▸ **Directions for this task**:
Report how many lines in the records that follow have the word "lemma" in them, giving the number and nothing more.

▸ **Entries shown**:
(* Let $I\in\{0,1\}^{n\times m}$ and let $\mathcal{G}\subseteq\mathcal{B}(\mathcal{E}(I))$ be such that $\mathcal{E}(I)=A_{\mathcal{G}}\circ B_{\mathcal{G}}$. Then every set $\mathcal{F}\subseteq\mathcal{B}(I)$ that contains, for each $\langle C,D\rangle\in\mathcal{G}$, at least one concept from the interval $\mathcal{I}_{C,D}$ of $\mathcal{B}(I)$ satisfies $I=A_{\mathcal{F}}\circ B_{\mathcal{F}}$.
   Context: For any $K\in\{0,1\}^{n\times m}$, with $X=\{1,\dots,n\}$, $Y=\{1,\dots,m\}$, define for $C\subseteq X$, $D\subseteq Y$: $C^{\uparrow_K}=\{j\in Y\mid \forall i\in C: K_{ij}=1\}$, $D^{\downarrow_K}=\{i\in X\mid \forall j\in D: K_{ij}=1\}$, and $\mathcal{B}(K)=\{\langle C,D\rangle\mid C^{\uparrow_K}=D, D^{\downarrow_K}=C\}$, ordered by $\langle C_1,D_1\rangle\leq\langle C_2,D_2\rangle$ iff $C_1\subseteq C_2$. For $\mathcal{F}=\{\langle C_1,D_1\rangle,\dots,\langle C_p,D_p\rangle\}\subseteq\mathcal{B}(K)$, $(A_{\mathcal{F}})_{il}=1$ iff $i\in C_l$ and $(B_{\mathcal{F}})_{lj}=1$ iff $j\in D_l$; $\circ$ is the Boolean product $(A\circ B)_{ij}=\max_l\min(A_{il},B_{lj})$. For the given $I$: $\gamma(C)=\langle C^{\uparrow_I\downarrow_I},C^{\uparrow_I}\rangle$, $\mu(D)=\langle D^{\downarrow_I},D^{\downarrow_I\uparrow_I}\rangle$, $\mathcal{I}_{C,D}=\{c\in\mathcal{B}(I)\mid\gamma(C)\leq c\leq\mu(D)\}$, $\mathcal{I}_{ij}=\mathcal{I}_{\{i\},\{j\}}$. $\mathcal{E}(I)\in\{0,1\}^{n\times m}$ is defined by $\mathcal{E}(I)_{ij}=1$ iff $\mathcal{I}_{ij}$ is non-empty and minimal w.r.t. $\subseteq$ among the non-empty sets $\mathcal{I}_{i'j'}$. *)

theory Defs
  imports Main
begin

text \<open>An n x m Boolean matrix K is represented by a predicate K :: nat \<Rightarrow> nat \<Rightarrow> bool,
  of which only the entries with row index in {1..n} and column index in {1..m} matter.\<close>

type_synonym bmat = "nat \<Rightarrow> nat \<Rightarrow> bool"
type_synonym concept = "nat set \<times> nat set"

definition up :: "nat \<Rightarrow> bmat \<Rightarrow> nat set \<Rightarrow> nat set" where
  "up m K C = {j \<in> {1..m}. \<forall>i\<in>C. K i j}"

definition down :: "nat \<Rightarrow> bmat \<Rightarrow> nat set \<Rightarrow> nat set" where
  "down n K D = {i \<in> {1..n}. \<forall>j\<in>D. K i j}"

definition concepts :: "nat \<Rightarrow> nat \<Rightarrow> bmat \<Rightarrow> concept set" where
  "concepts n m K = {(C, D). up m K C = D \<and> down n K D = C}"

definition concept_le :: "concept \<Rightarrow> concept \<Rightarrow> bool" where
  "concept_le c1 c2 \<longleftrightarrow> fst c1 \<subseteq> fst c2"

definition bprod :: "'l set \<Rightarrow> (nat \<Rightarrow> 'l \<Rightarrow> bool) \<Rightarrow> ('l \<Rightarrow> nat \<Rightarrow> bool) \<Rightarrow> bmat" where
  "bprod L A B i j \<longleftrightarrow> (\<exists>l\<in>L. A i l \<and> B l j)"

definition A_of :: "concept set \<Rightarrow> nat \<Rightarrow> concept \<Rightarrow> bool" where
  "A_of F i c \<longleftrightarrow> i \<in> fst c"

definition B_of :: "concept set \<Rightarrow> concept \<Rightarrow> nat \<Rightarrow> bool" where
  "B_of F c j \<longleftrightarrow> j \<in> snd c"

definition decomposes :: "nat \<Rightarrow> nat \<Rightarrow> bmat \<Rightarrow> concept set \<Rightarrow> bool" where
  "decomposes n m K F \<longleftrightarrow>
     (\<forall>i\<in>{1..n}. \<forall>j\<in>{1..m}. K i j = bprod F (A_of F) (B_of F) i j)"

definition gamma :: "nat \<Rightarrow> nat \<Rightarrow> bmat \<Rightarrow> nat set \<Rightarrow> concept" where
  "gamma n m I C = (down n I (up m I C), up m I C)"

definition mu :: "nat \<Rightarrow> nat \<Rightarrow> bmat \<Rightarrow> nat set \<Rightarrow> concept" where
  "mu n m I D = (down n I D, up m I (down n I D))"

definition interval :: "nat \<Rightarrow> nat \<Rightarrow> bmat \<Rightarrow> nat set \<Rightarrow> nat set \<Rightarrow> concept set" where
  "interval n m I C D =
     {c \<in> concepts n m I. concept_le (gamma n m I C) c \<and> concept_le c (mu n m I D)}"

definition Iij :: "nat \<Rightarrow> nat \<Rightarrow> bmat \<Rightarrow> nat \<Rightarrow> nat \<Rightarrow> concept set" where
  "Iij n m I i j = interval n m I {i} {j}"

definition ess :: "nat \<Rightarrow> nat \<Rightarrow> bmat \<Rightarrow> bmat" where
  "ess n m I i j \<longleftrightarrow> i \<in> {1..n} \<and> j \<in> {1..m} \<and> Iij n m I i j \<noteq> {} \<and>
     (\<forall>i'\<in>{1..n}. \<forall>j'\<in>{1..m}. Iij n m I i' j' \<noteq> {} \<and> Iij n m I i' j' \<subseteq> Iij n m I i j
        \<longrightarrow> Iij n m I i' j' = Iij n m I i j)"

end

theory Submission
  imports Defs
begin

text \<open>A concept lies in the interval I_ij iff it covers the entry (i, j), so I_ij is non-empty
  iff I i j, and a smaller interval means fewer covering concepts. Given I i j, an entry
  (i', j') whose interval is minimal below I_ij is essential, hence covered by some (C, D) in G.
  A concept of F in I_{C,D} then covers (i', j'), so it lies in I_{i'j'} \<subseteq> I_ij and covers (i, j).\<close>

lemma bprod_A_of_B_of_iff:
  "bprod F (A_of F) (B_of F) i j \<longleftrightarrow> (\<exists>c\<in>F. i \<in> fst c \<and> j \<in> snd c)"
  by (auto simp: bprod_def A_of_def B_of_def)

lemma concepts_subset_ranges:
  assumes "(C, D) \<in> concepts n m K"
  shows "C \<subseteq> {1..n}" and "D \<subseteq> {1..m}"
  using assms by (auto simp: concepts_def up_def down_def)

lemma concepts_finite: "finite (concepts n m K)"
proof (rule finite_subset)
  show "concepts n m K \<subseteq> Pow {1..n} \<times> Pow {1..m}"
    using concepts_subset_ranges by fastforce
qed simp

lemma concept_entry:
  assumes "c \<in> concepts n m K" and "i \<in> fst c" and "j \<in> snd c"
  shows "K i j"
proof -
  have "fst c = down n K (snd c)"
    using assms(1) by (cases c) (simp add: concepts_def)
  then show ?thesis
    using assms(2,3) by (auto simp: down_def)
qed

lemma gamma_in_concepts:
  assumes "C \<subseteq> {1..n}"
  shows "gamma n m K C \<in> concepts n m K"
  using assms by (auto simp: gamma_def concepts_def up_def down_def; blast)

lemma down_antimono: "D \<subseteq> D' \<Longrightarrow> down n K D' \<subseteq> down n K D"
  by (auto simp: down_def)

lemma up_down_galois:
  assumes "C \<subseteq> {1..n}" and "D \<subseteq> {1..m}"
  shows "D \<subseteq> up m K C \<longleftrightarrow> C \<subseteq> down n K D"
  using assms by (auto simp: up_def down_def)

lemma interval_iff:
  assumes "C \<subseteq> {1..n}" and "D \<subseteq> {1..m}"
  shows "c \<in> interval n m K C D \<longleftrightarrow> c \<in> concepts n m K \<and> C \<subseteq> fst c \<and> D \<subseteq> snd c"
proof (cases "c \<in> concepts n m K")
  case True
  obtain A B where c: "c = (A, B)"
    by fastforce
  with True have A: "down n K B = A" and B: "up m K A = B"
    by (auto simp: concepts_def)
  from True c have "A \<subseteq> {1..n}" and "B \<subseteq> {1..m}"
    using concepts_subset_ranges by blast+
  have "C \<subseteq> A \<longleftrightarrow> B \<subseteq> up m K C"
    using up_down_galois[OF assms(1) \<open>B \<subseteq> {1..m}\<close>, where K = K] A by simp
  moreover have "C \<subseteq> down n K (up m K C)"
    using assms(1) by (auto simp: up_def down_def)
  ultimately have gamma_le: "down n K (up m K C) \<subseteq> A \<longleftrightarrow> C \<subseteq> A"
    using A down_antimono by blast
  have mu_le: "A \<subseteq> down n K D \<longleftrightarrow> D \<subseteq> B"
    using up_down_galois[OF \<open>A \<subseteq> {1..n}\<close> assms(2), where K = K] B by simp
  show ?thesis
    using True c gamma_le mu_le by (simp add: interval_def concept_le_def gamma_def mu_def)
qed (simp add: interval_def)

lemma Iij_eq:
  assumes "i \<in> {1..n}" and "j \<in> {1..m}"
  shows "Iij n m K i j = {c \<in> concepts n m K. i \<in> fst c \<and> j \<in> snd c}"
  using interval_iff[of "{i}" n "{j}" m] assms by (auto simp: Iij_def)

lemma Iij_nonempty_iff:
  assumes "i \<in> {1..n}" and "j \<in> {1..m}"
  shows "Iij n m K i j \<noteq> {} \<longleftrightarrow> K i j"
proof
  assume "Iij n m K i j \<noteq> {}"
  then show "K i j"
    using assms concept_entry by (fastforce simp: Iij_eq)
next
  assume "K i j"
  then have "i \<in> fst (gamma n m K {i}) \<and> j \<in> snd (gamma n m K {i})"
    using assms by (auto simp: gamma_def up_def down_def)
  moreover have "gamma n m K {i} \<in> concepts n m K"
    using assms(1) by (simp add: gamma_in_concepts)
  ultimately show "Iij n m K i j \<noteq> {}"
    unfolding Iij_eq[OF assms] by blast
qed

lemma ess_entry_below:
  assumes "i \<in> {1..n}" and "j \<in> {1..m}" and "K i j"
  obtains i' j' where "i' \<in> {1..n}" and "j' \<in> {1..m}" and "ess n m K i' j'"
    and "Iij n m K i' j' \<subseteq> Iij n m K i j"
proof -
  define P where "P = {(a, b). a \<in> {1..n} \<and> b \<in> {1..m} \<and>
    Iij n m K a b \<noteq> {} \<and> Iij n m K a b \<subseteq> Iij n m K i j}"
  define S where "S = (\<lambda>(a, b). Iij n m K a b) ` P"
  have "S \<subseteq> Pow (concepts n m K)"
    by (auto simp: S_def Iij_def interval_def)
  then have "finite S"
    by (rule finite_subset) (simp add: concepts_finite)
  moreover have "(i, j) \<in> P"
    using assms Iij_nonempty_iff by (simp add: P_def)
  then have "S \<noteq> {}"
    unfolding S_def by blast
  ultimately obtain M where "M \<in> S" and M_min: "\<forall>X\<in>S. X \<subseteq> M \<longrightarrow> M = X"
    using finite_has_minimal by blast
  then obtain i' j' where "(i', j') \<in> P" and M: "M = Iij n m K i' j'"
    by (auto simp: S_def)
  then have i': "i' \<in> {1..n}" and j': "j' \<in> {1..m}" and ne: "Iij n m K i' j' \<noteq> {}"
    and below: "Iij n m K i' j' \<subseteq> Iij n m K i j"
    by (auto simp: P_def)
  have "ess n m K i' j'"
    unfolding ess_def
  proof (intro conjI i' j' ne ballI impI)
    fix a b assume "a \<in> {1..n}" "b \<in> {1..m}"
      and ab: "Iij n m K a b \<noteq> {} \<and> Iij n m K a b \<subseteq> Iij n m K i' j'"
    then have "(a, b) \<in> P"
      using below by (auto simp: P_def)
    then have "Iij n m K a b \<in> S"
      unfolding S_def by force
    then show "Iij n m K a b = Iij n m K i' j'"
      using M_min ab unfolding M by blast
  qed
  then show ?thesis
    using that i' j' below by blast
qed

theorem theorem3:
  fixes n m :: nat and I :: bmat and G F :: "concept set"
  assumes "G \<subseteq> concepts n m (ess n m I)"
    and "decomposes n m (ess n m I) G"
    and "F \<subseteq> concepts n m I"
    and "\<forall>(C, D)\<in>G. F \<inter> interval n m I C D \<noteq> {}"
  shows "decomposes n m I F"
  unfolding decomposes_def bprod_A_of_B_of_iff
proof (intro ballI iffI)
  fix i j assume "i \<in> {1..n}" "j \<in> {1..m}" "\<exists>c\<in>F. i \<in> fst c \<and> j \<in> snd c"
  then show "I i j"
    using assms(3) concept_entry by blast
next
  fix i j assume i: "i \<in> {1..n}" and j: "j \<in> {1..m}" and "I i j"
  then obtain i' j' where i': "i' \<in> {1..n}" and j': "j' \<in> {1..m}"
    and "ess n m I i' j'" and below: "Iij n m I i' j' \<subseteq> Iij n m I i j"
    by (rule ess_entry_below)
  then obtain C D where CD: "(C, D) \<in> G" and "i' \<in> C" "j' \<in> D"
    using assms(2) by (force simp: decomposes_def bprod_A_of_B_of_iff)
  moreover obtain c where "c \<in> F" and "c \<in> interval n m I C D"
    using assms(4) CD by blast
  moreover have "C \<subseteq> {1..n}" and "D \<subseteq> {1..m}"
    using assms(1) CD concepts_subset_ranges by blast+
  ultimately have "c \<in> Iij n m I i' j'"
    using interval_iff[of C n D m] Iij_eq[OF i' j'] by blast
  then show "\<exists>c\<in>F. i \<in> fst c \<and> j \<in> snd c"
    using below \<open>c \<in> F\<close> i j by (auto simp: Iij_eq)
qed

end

▸ **Expected answer**:
11